** Opening Data shown block **
lemma mult_minor_steps_le:
  assumes "minor_step\<^sup>*\<^sup>* G H" and "wf_graph G" and "verts H = verts G"
  shows "mult H x y \<le> mult G x y"
  using assms
proof (induction arbitrary: x y rule: rtranclp_induct)
  case (step H H')
  have "verts H' \<subseteq> verts H" "verts H \<subseteq> verts G"
    using step(1,2) verts_minor_steps_subset r_into_rtranclp by blast+
  then have same: "verts H' = verts H" "verts H = verts G" using step(5) by auto
  have wf: "wf_graph H" using step(1,4) by (rule wf_graph_minor_steps)
  from step(2) have "mult H' x y \<le> mult H x y"
  proof cases
    case (contr_edge u v)
    then have "v \<in> verts H" using wf unfolding wf_graph_def by (metis zero_less_one)
    moreover have "verts H' = verts H - {v}" using contr_edge by (simp add: contract_def)
    ultimately have False using same(1) by blast
    then show ?thesis ..
  qed auto
  also have "mult H x y \<le> mult G x y" using step(3,4) same(2) by blast
  finally show ?case .
qed simp

lemma usp_path_singleton:
  assumes "v \<in> verts G"
  shows "usp_path G [v]"
  using assms unfolding usp_path_def is_path_def
  by (auto simp: Suc_le_eq length_Suc_conv)

lemma finite_usp_paths:
  assumes "wf_graph G"
  shows "finite {p. usp_path G p}"
proof (rule finite_subset)
  have fin: "finite (verts G)" using assms unfolding wf_graph_def by simp
  show "{p. usp_path G p} \<subseteq> {xs. set xs \<subseteq> verts G \<and> length xs \<le> card (verts G)}"
  proof safe
    fix p assume "usp_path G p"
    then have "distinct p" and sub: "set p \<subseteq> verts G" unfolding usp_path_def is_path_def by auto
    then show "length p \<le> card (verts G)" using card_mono[OF fin sub] by (simp add: distinct_card)
    show "x \<in> verts G" if "x \<in> set p" for x using sub that by blast
  qed
  show "finite {xs. set xs \<subseteq> verts G \<and> length xs \<le> card (verts G)}"
    using fin by (rule finite_lists_length_le)
qed

lemma usp_attained:
  assumes "wf_graph G"
  obtains p where "usp_path G p" and "usp G = length p"
proof -
  obtain v where "v \<in> verts G" using assms unfolding wf_graph_def by blast
  then have "length ` {p. usp_path G p} \<noteq> {}" using usp_path_singleton by blast
  from Max_in[OF _ this] show ?thesis
    using finite_usp_paths[OF assms] that unfolding usp_def by auto
qed

lemma sp_le_card_verts_minus_1:
  assumes "wf_graph G"
  shows "sp G \<le> card (verts G) - 1"
proof -
  obtain p where "usp_path G p" "usp G = length p" using usp_attained[OF assms] .
  then have "usp G \<ge> 1" unfolding usp_path_def is_path_def by (simp add: Suc_le_eq)
  then show ?thesis unfolding sp_def by simp
qed

lemma is_path_shortcut:
  assumes p: "is_path G P" and ij: "Suc i < j" "j < length P" and e: "mult G (P!i) (P!j) > 0"
  defines "q \<equiv> take (Suc i) P @ drop j P"
  shows "is_path G q" and "hd q = hd P" and "last q = last P" and "length q < length P"
proof -
  have d: "distinct P" "set P \<subseteq> verts G" and adj: "\<And>k. Suc k < length P \<Longrightarrow> mult G (P!k) (P!Suc k) > 0"
    using p unfolding is_path_def by auto
  have nth_q: "q ! k = (if k \<le> i then P ! k else P ! (j + (k - Suc i)))" if "k < length q" for k
    using that ij by (auto simp: q_def nth_append)
  have "mult G (q!k) (q!Suc k) > 0" if k: "Suc k < length q" for k
  proof -
    consider "k < i" | "k = i" | "k > i" by linarith
    then show ?thesis
    proof cases
      case 1
      then show ?thesis using nth_q[of k] nth_q[of "Suc k"] k adj[of k] ij by simp
    next
      case 2
      then show ?thesis using nth_q[of k] nth_q[of "Suc k"] k e by simp
    next
      case 3
      then have "Suc (j + (k - Suc i)) < length P" and "j + (Suc k - Suc i) = Suc (j + (k - Suc i))"
        using k ij by (simp_all add: q_def)
      then show ?thesis using nth_q[of k] nth_q[of "Suc k"] k 3 adj by simp
    qed
  qed
  moreover have "distinct q"
    using d(1) ij set_take_disj_set_drop_if_distinct[OF d(1), of "Suc i" j] by (simp add: q_def)
  moreover have "set q \<subseteq> verts G"
    using d(2) set_take_subset[of "Suc i" P] set_drop_subset[of j P] by (auto simp: q_def)
  moreover have "q \<noteq> []" using ij by (simp add: q_def)
  ultimately show "is_path G q" unfolding is_path_def by blast
  show "hd q = hd P" using ij by (simp add: q_def hd_append hd_conv_nth)
  show "last q = last P" using ij by (simp add: q_def last_drop)
  show "length q < length P" using ij by (simp add: q_def)
qed

lemma usp_path_chordless:
  assumes "usp_path G P" and "Suc i < j" and "j < length P"
  shows "mult G (P!i) (P!j) = 0"
proof (rule ccontr)
  assume "mult G (P!i) (P!j) \<noteq> 0"
  then have "mult G (P!i) (P!j) > 0" by simp
  from is_path_shortcut[OF _ assms(2,3) this] assms(1) show False
    unfolding usp_path_def by (meson leD)
qed

definition consecutive :: "nat set \<Rightarrow> (nat \<Rightarrow> nat) \<Rightarrow> nat \<Rightarrow> nat \<Rightarrow> bool" where
  "consecutive Q pos x y \<longleftrightarrow>
     (\<forall>z\<in>Q. \<not> (pos x < pos z \<and> pos z < pos y) \<and> \<not> (pos y < pos z \<and> pos z < pos x))"

text \<open>Ordering Q by pos, the edges inside Q are simple and join neighbours in this order:
Q induces a linear forest.\<close>
definition linear_forest :: "mgraph \<Rightarrow> nat set \<Rightarrow> (nat \<Rightarrow> nat) \<Rightarrow> bool" where
  "linear_forest G Q pos \<longleftrightarrow> Q \<subseteq> verts G \<and> inj_on pos Q \<and>
     (\<forall>x\<in>Q. \<forall>y\<in>Q. mult G x y \<le> 1 \<and> (mult G x y > 0 \<longrightarrow> consecutive Q pos x y))"

lemma consecutive_subset: "consecutive Q pos x y \<Longrightarrow> Q' \<subseteq> Q \<Longrightarrow> consecutive Q' pos x y"
  unfolding consecutive_def by blast

lemma consecutive_sym: "consecutive Q pos x y \<Longrightarrow> consecutive Q pos y x"
  unfolding consecutive_def by blast

lemma consecutive_no_triangle:
  assumes "a \<in> Q" "b \<in> Q" "c \<in> Q" "a \<noteq> b" "b \<noteq> c" "a \<noteq> c" "inj_on pos Q"
    and "consecutive Q pos a b" "consecutive Q pos b c" "consecutive Q pos a c"
  shows False
proof -
  have "pos a \<noteq> pos b" "pos b \<noteq> pos c" "pos a \<noteq> pos c"
    using assms(1-7) unfolding inj_on_def by blast+
  moreover have "\<not> (pos a < pos c \<and> pos c < pos b) \<and> \<not> (pos b < pos c \<and> pos c < pos a)"
    using assms(3,8) unfolding consecutive_def by blast
  moreover have "\<not> (pos b < pos a \<and> pos a < pos c) \<and> \<not> (pos c < pos a \<and> pos a < pos b)"
    using assms(1,9) unfolding consecutive_def by blast
  moreover have "\<not> (pos a < pos b \<and> pos b < pos c) \<and> \<not> (pos c < pos b \<and> pos b < pos a)"
    using assms(2,10) unfolding consecutive_def by blast
  ultimately show False by linarith
qed

lemma consecutive_Diff_middle:
  assumes "u \<in> Q" "v \<in> Q" "y \<in> Q" "u \<noteq> v" "v \<noteq> y" "u \<noteq> y" "inj_on pos Q"
    and "consecutive Q pos u v" "consecutive Q pos v y"
  shows "consecutive (Q - {v}) pos u y"
  unfolding consecutive_def
proof
  fix z assume z: "z \<in> Q - {v}"
  have "pos u \<noteq> pos v" "pos v \<noteq> pos y" "pos z \<noteq> pos v"
    using assms(1-7) z unfolding inj_on_def by blast+
  moreover have "\<not> (pos u < pos y \<and> pos y < pos v) \<and> \<not> (pos v < pos y \<and> pos y < pos u)"
    and "\<not> (pos u < pos z \<and> pos z < pos v) \<and> \<not> (pos v < pos z \<and> pos z < pos u)"
    using assms(3,8) z unfolding consecutive_def by blast+
  moreover have "\<not> (pos v < pos u \<and> pos u < pos y) \<and> \<not> (pos y < pos u \<and> pos u < pos v)"
    and "\<not> (pos v < pos z \<and> pos z < pos y) \<and> \<not> (pos y < pos z \<and> pos z < pos v)"
    using assms(1,9) z unfolding consecutive_def by blast+
  ultimately show "\<not> (pos u < pos z \<and> pos z < pos y) \<and> \<not> (pos y < pos z \<and> pos z < pos u)"
    by linarith
qed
** Closing Data shown block **
§ **Exercise brief**:
From the records above, copy each line that contains the word "this".

§ **Output**:
  from Max_in[OF _ this] show ?thesis
  from is_path_shortcut[OF _ assms(2,3) this] assms(1) show False
text \<open>Ordering Q by pos, the edges inside Q are simple and join neighbours in this order:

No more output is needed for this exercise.